# [EXERCISE OBJECTIVE]
Scan the records that follow, and whenever a line has the word "fixes", copy it.

[[ DATA SUPPLIED, beginning ]]

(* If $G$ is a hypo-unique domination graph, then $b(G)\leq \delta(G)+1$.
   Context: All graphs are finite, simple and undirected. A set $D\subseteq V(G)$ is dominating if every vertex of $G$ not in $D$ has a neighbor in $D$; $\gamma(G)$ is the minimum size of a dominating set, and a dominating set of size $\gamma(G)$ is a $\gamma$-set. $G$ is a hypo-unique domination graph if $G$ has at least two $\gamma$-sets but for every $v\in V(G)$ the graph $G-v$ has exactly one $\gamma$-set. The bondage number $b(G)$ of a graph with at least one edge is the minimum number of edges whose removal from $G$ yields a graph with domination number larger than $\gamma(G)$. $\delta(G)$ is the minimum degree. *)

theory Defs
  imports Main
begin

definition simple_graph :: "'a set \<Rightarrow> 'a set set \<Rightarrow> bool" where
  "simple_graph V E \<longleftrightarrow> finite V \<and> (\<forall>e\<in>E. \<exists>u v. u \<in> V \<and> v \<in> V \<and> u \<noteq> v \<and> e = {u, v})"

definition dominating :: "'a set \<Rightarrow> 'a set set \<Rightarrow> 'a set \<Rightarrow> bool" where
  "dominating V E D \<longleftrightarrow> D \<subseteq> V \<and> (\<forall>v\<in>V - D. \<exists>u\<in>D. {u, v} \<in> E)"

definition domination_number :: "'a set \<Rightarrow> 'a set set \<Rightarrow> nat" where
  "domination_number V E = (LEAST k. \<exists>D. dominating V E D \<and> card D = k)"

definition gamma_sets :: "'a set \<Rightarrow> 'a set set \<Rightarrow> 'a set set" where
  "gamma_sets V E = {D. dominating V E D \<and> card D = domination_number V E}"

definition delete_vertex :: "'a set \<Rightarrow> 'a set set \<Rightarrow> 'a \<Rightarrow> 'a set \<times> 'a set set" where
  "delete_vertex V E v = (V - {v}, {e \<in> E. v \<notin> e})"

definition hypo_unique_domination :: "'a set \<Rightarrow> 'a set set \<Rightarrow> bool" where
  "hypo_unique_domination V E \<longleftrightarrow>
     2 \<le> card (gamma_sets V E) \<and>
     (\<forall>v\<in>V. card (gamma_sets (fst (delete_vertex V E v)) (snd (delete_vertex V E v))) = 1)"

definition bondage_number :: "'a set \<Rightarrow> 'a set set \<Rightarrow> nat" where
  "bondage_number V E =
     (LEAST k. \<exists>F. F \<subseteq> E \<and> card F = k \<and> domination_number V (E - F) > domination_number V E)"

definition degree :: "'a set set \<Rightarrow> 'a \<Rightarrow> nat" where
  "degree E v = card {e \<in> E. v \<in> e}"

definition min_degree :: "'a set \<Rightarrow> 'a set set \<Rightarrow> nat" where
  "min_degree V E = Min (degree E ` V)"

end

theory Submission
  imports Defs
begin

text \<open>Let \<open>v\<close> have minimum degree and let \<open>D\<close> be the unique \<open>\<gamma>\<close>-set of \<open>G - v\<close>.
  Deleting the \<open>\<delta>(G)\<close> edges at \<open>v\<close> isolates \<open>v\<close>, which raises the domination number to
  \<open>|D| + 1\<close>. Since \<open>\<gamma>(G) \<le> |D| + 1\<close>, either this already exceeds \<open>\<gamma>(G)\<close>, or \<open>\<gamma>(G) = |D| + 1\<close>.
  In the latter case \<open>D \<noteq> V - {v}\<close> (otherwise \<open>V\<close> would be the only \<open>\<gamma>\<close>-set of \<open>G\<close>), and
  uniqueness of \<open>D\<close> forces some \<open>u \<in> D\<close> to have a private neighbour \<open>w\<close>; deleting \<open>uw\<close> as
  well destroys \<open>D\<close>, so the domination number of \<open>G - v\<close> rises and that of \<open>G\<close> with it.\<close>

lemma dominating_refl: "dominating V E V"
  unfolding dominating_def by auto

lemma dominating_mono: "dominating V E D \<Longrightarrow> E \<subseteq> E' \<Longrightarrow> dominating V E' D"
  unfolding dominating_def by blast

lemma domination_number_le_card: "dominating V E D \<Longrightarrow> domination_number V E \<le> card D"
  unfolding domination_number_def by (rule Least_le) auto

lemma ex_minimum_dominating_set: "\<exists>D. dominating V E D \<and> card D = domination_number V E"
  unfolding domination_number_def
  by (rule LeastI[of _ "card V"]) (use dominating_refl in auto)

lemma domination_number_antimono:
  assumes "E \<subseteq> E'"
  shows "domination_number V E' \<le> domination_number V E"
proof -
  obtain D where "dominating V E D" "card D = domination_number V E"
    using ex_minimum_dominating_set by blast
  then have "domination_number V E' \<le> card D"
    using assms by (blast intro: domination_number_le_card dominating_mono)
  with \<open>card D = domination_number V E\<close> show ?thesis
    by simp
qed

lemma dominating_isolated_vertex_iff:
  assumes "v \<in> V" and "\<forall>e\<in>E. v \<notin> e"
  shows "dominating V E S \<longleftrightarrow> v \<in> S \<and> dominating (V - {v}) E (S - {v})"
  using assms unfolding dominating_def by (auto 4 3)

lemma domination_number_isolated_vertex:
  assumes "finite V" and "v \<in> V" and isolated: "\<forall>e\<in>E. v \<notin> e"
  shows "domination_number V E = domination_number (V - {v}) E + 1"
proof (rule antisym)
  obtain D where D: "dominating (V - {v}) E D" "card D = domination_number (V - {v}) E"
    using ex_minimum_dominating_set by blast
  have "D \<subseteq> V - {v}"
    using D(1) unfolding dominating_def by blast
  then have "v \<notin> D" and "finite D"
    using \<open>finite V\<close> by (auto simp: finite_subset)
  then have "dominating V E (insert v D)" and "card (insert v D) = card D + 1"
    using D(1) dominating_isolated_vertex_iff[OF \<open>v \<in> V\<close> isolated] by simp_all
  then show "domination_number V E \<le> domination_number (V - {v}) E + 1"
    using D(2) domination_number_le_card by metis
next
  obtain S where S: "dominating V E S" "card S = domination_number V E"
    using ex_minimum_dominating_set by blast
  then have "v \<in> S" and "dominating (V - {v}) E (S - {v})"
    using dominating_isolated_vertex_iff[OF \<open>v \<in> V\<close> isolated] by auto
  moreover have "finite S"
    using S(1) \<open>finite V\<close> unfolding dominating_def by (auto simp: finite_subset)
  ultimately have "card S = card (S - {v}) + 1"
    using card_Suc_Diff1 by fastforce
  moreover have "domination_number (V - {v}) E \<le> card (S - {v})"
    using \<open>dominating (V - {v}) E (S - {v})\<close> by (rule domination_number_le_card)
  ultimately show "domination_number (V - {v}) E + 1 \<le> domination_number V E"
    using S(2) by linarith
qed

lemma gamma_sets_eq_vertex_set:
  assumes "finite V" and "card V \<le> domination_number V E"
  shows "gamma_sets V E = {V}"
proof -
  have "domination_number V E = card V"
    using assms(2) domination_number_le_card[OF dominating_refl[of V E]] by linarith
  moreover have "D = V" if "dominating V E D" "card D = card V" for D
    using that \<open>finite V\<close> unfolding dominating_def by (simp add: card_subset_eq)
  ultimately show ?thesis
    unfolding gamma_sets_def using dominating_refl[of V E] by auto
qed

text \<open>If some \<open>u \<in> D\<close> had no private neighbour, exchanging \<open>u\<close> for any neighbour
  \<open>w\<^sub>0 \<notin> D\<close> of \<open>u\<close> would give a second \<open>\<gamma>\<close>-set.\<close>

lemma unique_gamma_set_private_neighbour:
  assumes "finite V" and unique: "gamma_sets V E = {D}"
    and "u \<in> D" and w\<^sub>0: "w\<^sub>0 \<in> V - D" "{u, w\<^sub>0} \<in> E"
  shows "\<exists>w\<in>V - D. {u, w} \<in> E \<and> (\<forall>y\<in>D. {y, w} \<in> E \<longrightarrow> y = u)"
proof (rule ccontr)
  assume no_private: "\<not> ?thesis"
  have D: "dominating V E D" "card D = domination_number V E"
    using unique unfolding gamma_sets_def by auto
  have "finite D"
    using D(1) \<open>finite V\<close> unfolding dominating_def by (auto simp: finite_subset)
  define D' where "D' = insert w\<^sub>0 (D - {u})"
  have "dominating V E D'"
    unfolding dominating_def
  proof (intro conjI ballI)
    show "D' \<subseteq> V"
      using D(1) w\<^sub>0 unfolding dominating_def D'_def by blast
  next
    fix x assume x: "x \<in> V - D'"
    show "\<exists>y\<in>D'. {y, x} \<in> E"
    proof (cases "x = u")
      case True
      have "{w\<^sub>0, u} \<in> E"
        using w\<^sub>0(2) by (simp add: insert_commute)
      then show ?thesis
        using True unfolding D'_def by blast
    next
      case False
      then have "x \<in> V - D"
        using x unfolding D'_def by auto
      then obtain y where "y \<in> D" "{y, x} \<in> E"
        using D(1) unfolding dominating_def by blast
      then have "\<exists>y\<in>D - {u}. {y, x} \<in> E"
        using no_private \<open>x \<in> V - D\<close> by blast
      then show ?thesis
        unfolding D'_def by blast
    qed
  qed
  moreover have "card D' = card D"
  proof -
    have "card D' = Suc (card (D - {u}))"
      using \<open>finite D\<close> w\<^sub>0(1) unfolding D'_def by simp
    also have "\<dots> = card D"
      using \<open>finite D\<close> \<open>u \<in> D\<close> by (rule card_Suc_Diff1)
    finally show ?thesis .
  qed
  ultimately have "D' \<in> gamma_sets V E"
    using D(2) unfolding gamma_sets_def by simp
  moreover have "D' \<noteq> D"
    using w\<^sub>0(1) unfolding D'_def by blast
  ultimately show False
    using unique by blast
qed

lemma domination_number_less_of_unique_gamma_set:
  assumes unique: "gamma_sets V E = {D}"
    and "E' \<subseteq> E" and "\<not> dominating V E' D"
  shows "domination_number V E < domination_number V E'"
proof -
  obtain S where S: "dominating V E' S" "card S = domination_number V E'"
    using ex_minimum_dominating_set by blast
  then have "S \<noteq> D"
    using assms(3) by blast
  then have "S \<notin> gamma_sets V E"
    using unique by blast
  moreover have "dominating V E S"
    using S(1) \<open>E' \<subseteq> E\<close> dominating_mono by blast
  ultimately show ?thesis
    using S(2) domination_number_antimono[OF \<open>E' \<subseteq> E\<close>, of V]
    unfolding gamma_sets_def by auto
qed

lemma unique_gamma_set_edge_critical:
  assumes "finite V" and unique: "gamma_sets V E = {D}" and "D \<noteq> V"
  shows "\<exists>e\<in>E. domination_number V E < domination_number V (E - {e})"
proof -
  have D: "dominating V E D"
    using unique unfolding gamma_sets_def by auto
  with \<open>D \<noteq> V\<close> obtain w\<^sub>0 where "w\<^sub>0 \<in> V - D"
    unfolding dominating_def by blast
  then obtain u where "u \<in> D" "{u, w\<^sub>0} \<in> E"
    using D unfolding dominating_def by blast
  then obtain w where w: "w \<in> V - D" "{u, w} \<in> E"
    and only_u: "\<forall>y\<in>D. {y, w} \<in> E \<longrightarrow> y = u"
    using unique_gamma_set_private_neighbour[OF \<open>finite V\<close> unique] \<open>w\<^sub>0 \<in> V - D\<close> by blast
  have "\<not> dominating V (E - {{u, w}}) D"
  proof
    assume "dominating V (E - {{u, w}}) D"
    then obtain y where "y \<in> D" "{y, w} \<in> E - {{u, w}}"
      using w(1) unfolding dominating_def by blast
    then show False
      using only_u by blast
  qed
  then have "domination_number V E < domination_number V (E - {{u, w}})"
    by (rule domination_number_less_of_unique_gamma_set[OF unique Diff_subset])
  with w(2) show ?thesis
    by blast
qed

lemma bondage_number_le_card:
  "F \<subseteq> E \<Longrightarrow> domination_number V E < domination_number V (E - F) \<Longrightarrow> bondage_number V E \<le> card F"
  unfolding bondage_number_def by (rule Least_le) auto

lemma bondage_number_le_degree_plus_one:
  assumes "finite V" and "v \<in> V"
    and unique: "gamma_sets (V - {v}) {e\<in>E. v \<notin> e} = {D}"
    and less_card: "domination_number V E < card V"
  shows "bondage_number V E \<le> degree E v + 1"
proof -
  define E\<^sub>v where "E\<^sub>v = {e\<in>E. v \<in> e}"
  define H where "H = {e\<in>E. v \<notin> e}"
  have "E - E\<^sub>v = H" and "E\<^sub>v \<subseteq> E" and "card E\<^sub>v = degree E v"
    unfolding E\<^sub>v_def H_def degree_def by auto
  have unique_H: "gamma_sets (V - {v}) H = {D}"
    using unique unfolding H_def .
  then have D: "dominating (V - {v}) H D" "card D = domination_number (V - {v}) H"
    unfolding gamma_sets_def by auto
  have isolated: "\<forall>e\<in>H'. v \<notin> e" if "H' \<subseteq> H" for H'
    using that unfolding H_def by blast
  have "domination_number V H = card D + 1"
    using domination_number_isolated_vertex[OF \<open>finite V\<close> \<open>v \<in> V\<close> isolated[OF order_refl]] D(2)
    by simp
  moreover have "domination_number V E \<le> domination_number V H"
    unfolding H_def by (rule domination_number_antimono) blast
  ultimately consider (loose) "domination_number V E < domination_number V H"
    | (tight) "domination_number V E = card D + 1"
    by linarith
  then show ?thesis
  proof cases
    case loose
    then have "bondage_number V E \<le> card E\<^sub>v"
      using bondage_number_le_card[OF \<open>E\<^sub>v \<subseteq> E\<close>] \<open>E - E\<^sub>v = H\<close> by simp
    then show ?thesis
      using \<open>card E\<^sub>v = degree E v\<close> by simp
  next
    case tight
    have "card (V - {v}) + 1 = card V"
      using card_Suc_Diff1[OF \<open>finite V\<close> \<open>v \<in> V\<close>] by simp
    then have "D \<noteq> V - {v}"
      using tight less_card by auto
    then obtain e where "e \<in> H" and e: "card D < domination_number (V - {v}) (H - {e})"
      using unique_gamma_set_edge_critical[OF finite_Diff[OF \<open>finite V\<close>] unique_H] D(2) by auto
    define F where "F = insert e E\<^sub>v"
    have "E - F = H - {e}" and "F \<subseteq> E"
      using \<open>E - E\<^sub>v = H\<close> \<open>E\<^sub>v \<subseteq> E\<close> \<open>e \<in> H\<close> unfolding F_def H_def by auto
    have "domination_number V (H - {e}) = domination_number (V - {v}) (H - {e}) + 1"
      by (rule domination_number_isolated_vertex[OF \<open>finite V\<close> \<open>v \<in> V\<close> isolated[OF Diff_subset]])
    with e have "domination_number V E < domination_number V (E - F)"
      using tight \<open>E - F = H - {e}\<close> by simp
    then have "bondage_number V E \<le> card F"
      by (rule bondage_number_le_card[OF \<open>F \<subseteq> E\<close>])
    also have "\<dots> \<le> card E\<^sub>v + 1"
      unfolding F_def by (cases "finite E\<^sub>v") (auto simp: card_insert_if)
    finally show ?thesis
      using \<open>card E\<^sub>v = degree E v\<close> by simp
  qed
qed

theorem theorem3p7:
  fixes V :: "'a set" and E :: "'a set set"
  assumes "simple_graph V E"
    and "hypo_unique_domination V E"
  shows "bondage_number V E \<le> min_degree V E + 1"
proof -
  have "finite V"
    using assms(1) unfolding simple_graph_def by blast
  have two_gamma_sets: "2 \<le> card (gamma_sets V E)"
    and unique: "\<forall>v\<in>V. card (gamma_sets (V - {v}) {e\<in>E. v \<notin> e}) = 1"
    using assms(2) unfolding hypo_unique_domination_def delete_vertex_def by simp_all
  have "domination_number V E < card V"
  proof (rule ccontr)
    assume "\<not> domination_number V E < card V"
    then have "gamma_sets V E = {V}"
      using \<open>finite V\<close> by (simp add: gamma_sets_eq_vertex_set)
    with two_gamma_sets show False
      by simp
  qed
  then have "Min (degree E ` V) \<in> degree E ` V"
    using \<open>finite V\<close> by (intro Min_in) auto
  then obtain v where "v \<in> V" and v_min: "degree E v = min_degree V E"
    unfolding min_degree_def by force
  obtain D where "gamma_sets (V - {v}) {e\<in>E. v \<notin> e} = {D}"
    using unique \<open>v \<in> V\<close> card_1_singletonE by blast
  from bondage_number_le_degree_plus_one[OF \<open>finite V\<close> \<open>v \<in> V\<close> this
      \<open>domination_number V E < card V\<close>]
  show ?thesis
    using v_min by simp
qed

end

[[ DATA SUPPLIED, end ]]
[[ DATA SUPPLIED, beginning ]]

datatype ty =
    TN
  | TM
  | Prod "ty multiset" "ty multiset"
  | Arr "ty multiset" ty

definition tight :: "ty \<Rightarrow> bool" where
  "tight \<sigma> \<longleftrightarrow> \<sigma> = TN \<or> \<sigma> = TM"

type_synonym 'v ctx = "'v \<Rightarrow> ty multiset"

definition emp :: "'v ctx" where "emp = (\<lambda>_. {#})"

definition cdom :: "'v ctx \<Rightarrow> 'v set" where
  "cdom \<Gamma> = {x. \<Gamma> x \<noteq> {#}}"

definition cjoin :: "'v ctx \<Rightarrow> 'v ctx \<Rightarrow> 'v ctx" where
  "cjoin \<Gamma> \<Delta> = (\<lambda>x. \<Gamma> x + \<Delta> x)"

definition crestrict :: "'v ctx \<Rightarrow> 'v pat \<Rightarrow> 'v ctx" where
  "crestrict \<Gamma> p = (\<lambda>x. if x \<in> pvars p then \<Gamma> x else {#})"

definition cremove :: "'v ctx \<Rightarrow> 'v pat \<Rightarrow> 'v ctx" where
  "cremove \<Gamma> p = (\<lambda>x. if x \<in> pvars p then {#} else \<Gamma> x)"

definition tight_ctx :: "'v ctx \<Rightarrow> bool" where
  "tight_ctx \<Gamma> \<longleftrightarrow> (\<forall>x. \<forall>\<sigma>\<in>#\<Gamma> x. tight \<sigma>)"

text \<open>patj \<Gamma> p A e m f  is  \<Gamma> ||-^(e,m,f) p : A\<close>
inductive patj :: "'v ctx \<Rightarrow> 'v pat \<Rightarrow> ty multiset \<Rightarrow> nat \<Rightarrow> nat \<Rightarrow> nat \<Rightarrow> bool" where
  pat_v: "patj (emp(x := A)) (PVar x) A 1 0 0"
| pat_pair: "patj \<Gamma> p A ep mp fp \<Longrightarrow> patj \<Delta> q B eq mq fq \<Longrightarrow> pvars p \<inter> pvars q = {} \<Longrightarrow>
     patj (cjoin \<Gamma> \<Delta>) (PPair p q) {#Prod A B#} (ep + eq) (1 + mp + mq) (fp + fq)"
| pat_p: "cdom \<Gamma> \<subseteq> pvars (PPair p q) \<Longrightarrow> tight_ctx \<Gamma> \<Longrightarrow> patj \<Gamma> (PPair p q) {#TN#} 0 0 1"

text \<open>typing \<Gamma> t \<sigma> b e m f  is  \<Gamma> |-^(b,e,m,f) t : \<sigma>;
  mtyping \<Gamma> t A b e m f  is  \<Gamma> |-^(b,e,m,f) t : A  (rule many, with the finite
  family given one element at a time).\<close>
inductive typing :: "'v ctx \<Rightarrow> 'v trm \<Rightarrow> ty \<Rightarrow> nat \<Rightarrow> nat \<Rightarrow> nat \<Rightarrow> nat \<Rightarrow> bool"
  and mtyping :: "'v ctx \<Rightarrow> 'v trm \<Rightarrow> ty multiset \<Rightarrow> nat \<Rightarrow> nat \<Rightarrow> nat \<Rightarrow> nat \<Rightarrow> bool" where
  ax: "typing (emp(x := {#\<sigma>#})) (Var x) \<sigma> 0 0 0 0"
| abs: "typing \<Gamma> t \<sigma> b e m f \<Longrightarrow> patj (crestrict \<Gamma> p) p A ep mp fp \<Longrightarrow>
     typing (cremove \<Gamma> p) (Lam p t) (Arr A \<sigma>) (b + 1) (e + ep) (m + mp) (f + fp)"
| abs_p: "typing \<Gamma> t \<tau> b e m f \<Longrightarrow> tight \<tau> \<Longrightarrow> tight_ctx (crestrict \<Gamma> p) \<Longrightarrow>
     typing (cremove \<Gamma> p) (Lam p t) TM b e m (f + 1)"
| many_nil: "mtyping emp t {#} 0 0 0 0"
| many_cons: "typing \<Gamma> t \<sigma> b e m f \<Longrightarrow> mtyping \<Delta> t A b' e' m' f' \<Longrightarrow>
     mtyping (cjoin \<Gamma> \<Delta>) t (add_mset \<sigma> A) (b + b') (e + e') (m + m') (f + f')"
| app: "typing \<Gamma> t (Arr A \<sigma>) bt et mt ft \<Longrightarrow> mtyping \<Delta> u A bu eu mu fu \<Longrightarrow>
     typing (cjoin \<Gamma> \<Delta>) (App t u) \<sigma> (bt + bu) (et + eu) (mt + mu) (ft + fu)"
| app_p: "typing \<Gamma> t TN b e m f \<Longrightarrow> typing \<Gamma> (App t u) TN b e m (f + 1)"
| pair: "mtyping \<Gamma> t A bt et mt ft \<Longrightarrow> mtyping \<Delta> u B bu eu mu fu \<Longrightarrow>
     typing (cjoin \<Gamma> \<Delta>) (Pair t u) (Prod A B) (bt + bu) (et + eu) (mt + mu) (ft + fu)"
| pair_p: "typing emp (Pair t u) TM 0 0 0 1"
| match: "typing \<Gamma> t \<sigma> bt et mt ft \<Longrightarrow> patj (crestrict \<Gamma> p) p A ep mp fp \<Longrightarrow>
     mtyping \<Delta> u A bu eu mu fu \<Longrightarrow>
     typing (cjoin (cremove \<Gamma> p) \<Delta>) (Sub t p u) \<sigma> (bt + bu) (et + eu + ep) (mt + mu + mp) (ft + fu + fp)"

[[ DATA SUPPLIED, end ]]
[[ DATA SUPPLIED, beginning ]]

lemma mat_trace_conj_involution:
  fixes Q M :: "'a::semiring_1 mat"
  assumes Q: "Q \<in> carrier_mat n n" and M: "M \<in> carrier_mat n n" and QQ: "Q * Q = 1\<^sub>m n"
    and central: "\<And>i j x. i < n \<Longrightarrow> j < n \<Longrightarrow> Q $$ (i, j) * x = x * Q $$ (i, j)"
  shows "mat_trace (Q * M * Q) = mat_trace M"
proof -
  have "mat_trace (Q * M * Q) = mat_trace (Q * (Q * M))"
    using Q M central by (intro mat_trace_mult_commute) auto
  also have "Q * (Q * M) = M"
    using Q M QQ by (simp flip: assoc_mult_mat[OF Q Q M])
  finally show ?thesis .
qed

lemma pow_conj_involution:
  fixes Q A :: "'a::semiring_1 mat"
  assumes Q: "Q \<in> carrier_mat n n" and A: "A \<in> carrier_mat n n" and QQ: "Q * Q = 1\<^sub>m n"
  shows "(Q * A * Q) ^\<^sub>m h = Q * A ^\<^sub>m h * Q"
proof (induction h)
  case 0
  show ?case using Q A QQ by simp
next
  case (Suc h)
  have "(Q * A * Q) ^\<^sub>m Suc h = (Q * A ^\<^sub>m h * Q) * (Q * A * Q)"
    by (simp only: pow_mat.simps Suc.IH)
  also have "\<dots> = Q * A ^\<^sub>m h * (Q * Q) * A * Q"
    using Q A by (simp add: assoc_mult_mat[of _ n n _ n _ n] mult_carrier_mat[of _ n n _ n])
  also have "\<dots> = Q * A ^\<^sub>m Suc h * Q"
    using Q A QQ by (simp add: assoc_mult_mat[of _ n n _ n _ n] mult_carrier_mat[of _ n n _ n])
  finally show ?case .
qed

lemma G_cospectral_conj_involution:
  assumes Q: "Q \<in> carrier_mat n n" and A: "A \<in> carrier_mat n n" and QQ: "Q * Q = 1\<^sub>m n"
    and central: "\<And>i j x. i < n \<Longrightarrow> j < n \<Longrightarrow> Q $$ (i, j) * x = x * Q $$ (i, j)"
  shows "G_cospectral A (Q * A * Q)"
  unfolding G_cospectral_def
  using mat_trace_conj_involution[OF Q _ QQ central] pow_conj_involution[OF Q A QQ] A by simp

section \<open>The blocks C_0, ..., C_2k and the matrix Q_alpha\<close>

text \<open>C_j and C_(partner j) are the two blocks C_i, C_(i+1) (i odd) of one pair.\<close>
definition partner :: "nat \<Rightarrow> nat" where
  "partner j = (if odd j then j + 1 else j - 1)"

[[ DATA SUPPLIED, end ]]

# [ANSWER SECTION]
  fixes V :: "'a set" and E :: "'a set set"
  fixes Q M :: "'a::semiring_1 mat"
  fixes Q A :: "'a::semiring_1 mat"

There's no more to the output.